» BRIEF:
Your response must be made up of each line in the data below that contains the string "Node".

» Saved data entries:
(* Let $T$ be a rooted edge-weighted full binary tree with $n$ leaves, all root-to-leaf paths of weight $1$, every edge of weight at least $\tau\frac{\log n}{\sqrt{n}}$ for a sufficiently large constant $\tau$, whose topology is known, with experiment outcomes on all triples of leaves generated by the homogeneous noise model. Let $P=(v_0=r,v_1,\dots,v_{\ell^\ast})$ be the rightmost root-to-leaf path and $f$ the largest index such that $v_f$ is heavy. Suppose $v$ is an internal vertex lying in the left subtree of $v_\ell$ for some $1\le\ell\le f$. Then there is a procedure (Reconstruct-height-left-heavy) which, given $v$, with high probability reconstructs $h_v$ up to additive error $O\big(\alpha^{-1}\sqrt{\log n/n}\big)$.
   Context: Distances $d$ between leaves are path weights. For each unordered triple of distinct leaves a single experiment $Q(a,b,c)$ returns one pair, independently across triples, with $\Pr[Q(a,b,c)=(a,b)]=\frac{d(a,c)+d(b,c)}{2(d(a,b)+d(b,c)+d(a,c))}$ (and symmetrically). For a vertex $v$, $h_v$ is the weight of a path from $v$ to any leaf below it; $\mathsf{NL}(v)$ is the number of leaves in the subtree rooted at $v$. Children of each internal vertex are ordered so that the right child $\mathsf{rc}$ and left child $\mathsf{lc}$ satisfy $\mathsf{NL}(\mathsf{rc})\ge\mathsf{NL}(\mathsf{lc})$; the left subtree of a vertex is the subtree rooted at its left child; the rightmost path starts at the root and always goes to the right child. A vertex is heavy if $\mathsf{NL}(v)\ge\alpha n+1$ with $\alpha=\frac16$. "With high probability" means probability $1-o(1)$. *)

theory Defs
  imports "HOL-Probability.Probability"
begin

text \<open>Node wl l wr r : wl is the weight of the edge to the left child l,
  wr the weight of the edge to the right child r.\<close>

datatype 'w btree = Leaf nat | Node 'w "'w btree" 'w "'w btree"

» OUTPUT OF THE EXERCISE:
text \<open>Node wl l wr r : wl is the weight of the edge to the left child l,
datatype 'w btree = Leaf nat | Node 'w "'w btree" 'w "'w btree"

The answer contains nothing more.